Слово «твой» как высшая, разрешающая всю проблематичность в предыдущем нота, превращает «Натюрморт», сначала, пожалуй, самое мрачное произведение нашего будто бы сверхпессимиста, в его самое, может быть, светлое. Невольно приходит на ум философия Мартина Бубера с ее акцентом на местоимении «Ты» как знаке спасительного личного обращения и, хотя в меньшей степени, идеи Михаила Бахтина о диалоге.

4

Прослушав первоначальный вариант этого эссе на конференции в Белом зале Фонтанного дома, Андрей Арьев обратил мое внимание на «Лагуну» (1973). По его мысли, с которой нельзя не согласиться, это раннее эмигрантское стихотворение Бродского интересно тем, что в его начале отдельные христологи-ческие циклы поэта, «рождественский» и «страстной», переплетаются:

Три старухи с вязаньем в глубоких креслахтолкуют в холле о муках крестных;пансион «Аккадемиа» вместе совсей Вселенной плывет к Рождеству…

Примечательно, между прочим, что уже на формальном уровне звуковое уподобление «крес-лах» — «крес-тных» отсылает нас к «страстному» стихотворению, написанному еще в 1967 году в Ленинграде, «Прощайте, мадемуазель Вероника».

Развивая свою мысль, Андрей Арьев указал и на мотив, который в конце «Лагуны», по-видимому, подтверждает мое предположение о склонности Бродского идентифицировать образ своего «я» с фигурой Христа. С первых слов десятой строфы в описании рожденственской ночи в Венеции появляется «тело в плаще», анонимный бродскоподобный турист, о котором уже шла речь во второй строфе:

совершенный никто, человек в плаще,потерявший память, отчизну, сына…

По замечанию Арьева, здесь обращает на себя внимание слово «совершенный», поставленное, очевидно, неспроста. Притворяющееся наречием «совершенно», оно имеет не менее очевидное значение высшей степени чего-либо. То есть этот «никто», этот «человек в плаще», это «тело» есть совершеннейший образчик всех «никто».

Лев Лосев считает, что этот образ отражает своего рода визионерство поэта: автор тут воображает себя то ли героем венецианского карнавала, то ли персонажем «film noir». Суждение, имеющее основание в разговорах самого Бродского о Венеции, прежде всего в его реплике, записанной Соломоном Волковым: «Знаете, человек смотрит на себя — вольно или невольно — как на героя какого-то романа или кинофильма, где он — в кадре.
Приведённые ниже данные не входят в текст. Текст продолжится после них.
(* Consider the five-node network with $\mathcal N=\{1,2,3,4,5\}$, $\mathcal E=\{(3,4),(2,4),(4,5),(1,5)\}$, observing nodes $\mathcal J=\{1,2,3\}$ and decision node $5$, and take the time-sharing variable $Q$ constant. For random variables with joint law $P_{X_1,X_2,X_3,Y}P_{U_1|X_1}P_{U_2|X_2}P_{U_3|X_3}$ (finite alphabets), the following are equivalent for a pair $(\Delta,C_{\rm sum})\in\mathbb R_+^2$: (i) $\Delta\le I(Y;U_1,U_2,U_3)$ and there exist $C_{15},C_{24},C_{34},C_{45}\ge0$ with $C_{15}+C_{24}+C_{34}+C_{45}=C_{\rm sum}$ and $R_1,R_2,R_3\ge0$ such that $C_{15}\ge R_1$, $C_{24}\ge R_2$, $C_{34}\ge R_3$, $C_{45}\ge R_2+R_3$, $R_1\ge I(U_1;X_1|U_2,U_3)$, $R_2\ge I(U_2;X_2|U_1,U_3)$, $R_3\ge I(U_3;X_3|U_1,U_2)$, $R_2+R_3\ge I(X_2,X_3;U_2,U_3|U_1)$, $R_1+R_3\ge I(X_1,X_3;U_1,U_3|U_2)$, $R_1+R_2\ge I(X_1,X_2;U_1,U_2|U_3)$, $R_1+R_2+R_3\ge I(X_1,X_2,X_3;U_1,U_2,U_3)$; (ii) $\Delta\le I(Y;U_1,U_2,U_3)$ and $C_{\rm sum}\ge I(X_1,X_2,X_3;U_1,U_2,U_3)+I(X_2,X_3;U_2,U_3|U_1)$. Consequently the region $\mathcal{RI}_{\rm sum}$ equals the union over all conditionals $P_{U_1|X_1},P_{U_2|X_2},P_{U_3|X_3}$ of the pairs satisfying (ii).
   Context: $\mathcal{RI}_{\rm sum}$ denotes the set of pairs $(\Delta,C_{\rm sum})\in\mathbb R_+^2$ for which, for some conditionals $P_{U_1|X_1},P_{U_2|X_2},P_{U_3|X_3}$, condition (i) holds (this is the set of pairs for which the relevance given by the achievability result for general networks is attainable with some edge capacities of total sum $C_{\rm sum}$). All mutual informations are computed under the joint law $P_{X_1,X_2,X_3,Y}P_{U_1|X_1}P_{U_2|X_2}P_{U_3|X_3}$. *)

theory Defs
  imports Complex_Main
begin

definition prob_of :: "('w::finite \<Rightarrow> real) \<Rightarrow> ('w \<Rightarrow> 'v) \<Rightarrow> 'v \<Rightarrow> real" where
  "prob_of P f v = (\<Sum>w\<in>{w. f w = v}. P w)"

definition entropy :: "('w::finite \<Rightarrow> real) \<Rightarrow> ('w \<Rightarrow> 'v) \<Rightarrow> real" where
  "entropy P f = - (\<Sum>v\<in>range f. prob_of P f v * log 2 (prob_of P f v))"

definition cond_mi :: "('w::finite \<Rightarrow> real) \<Rightarrow> ('w \<Rightarrow> 'a) \<Rightarrow> ('w \<Rightarrow> 'b) \<Rightarrow> ('w \<Rightarrow> 'c) \<Rightarrow> real" where
  "cond_mi P A B C = entropy P (\<lambda>w. (A w, C w)) + entropy P (\<lambda>w. (B w, C w))
      - entropy P (\<lambda>w. (A w, B w, C w)) - entropy P C"

definition mi :: "('w::finite \<Rightarrow> real) \<Rightarrow> ('w \<Rightarrow> 'a) \<Rightarrow> ('w \<Rightarrow> 'b) \<Rightarrow> real" where
  "mi P A B = cond_mi P A B (\<lambda>_. ())"

definition is_pmf :: "('w::finite \<Rightarrow> real) \<Rightarrow> bool" where
  "is_pmf P \<longleftrightarrow> (\<forall>w. 0 \<le> P w) \<and> sum P UNIV = 1"

definition is_channel :: "('x \<Rightarrow> 'u::finite \<Rightarrow> real) \<Rightarrow> bool" where
  "is_channel q \<longleftrightarrow> (\<forall>x. (\<forall>u. 0 \<le> q x u) \<and> sum (q x) UNIV = 1)"

type_synonym ('x1,'x2,'x3,'y,'u1,'u2,'u3) omega = "('x1 \<times> 'x2 \<times> 'x3 \<times> 'y) \<times> ('u1 \<times> 'u2 \<times> 'u3)"

definition jointP ::
  "('x1 \<times> 'x2 \<times> 'x3 \<times> 'y \<Rightarrow> real) \<Rightarrow> ('x1 \<Rightarrow> 'u1 \<Rightarrow> real) \<Rightarrow> ('x2 \<Rightarrow> 'u2 \<Rightarrow> real)
    \<Rightarrow> ('x3 \<Rightarrow> 'u3 \<Rightarrow> real) \<Rightarrow> ('x1,'x2,'x3,'y,'u1,'u2,'u3) omega \<Rightarrow> real" where
  "jointP p q1 q2 q3 w = (case w of ((x1,x2,x3,y),(u1,u2,u3)) \<Rightarrow>
      p (x1,x2,x3,y) * q1 x1 u1 * q2 x2 u2 * q3 x3 u3)"

definition X1 :: "('x1,'x2,'x3,'y,'u1,'u2,'u3) omega \<Rightarrow> 'x1" where "X1 w = fst (fst w)"
definition X2 :: "('x1,'x2,'x3,'y,'u1,'u2,'u3) omega \<Rightarrow> 'x2" where "X2 w = fst (snd (fst w))"
definition X3 :: "('x1,'x2,'x3,'y,'u1,'u2,'u3) omega \<Rightarrow> 'x3" where "X3 w = fst (snd (snd (fst w)))"
definition Yv :: "('x1,'x2,'x3,'y,'u1,'u2,'u3) omega \<Rightarrow> 'y" where "Yv w = snd (snd (snd (fst w)))"
definition U1 :: "('x1,'x2,'x3,'y,'u1,'u2,'u3) omega \<Rightarrow> 'u1" where "U1 w = fst (snd w)"
definition U2 :: "('x1,'x2,'x3,'y,'u1,'u2,'u3) omega \<Rightarrow> 'u2" where "U2 w = fst (snd (snd w))"
definition U3 :: "('x1,'x2,'x3,'y,'u1,'u2,'u3) omega \<Rightarrow> 'u3" where "U3 w = snd (snd (snd w))"

definition cond_i ::
  "(('x1::finite,'x2::finite,'x3::finite,'y::finite,'u1::finite,'u2::finite,'u3::finite) omega \<Rightarrow> real) \<Rightarrow> real \<Rightarrow> real \<Rightarrow> bool" where
  "cond_i P \<Delta> Csum \<longleftrightarrow>
     \<Delta> \<le> mi P Yv (\<lambda>w. (U1 w, U2 w, U3 w)) \<and>
     (\<exists>C15 C24 C34 C45 R1 R2 R3 :: real.
        0 \<le> C15 \<and> 0 \<le> C24 \<and> 0 \<le> C34 \<and> 0 \<le> C45 \<and>
        C15 + C24 + C34 + C45 = Csum \<and>
        0 \<le> R1 \<and> 0 \<le> R2 \<and> 0 \<le> R3 \<and>
        C15 \<ge> R1 \<and> C24 \<ge> R2 \<and> C34 \<ge> R3 \<and> C45 \<ge> R2 + R3 \<and>
        R1 \<ge> cond_mi P U1 X1 (\<lambda>w. (U2 w, U3 w)) \<and>
        R2 \<ge> cond_mi P U2 X2 (\<lambda>w. (U1 w, U3 w)) \<and>
        R3 \<ge> cond_mi P U3 X3 (\<lambda>w. (U1 w, U2 w)) \<and>
        R2 + R3 \<ge> cond_mi P (\<lambda>w. (X2 w, X3 w)) (\<lambda>w. (U2 w, U3 w)) U1 \<and>
        R1 + R3 \<ge> cond_mi P (\<lambda>w. (X1 w, X3 w)) (\<lambda>w. (U1 w, U3 w)) U2 \<and>
        R1 + R2 \<ge> cond_mi P (\<lambda>w. (X1 w, X2 w)) (\<lambda>w. (U1 w, U2 w)) U3 \<and>
        R1 + R2 + R3 \<ge> mi P (\<lambda>w. (X1 w, X2 w, X3 w)) (\<lambda>w. (U1 w, U2 w, U3 w)))"

definition cond_ii ::
  "(('x1::finite,'x2::finite,'x3::finite,'y::finite,'u1::finite,'u2::finite,'u3::finite) omega \<Rightarrow> real) \<Rightarrow> real \<Rightarrow> real \<Rightarrow> bool" where
  "cond_ii P \<Delta> Csum \<longleftrightarrow>
     \<Delta> \<le> mi P Yv (\<lambda>w. (U1 w, U2 w, U3 w)) \<and>
     Csum \<ge> mi P (\<lambda>w. (X1 w, X2 w, X3 w)) (\<lambda>w. (U1 w, U2 w, U3 w))
            + cond_mi P (\<lambda>w. (X2 w, X3 w)) (\<lambda>w. (U2 w, U3 w)) U1"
И мой заскок — на заднем плане должна быть Венеция».

Все это совершенно достоверно, но помимо биографического есть в стихах Бродского всегда и «оттенок высшего смысла», метафизический. Недаром и Венеция у него ассоциировалась с «раем». В «Лагуне» же, полной рождественско-страстных подтекстов, появившись в конце концов в завершающей «небесной» строфе, «тело», последовательно сменившее «совершенного никто» и «тело в плаще», заставляет предполагать и какой-то иной, кроме чисто биографического, сюжет:

Там, за нигде, за его пределом— черным, бесцветным, возможно, белым —есть какая-то вещь, предмет.Может быть, тело. В эпоху треньяскорость света есть скорость зренья;даже тогда, когда света нет.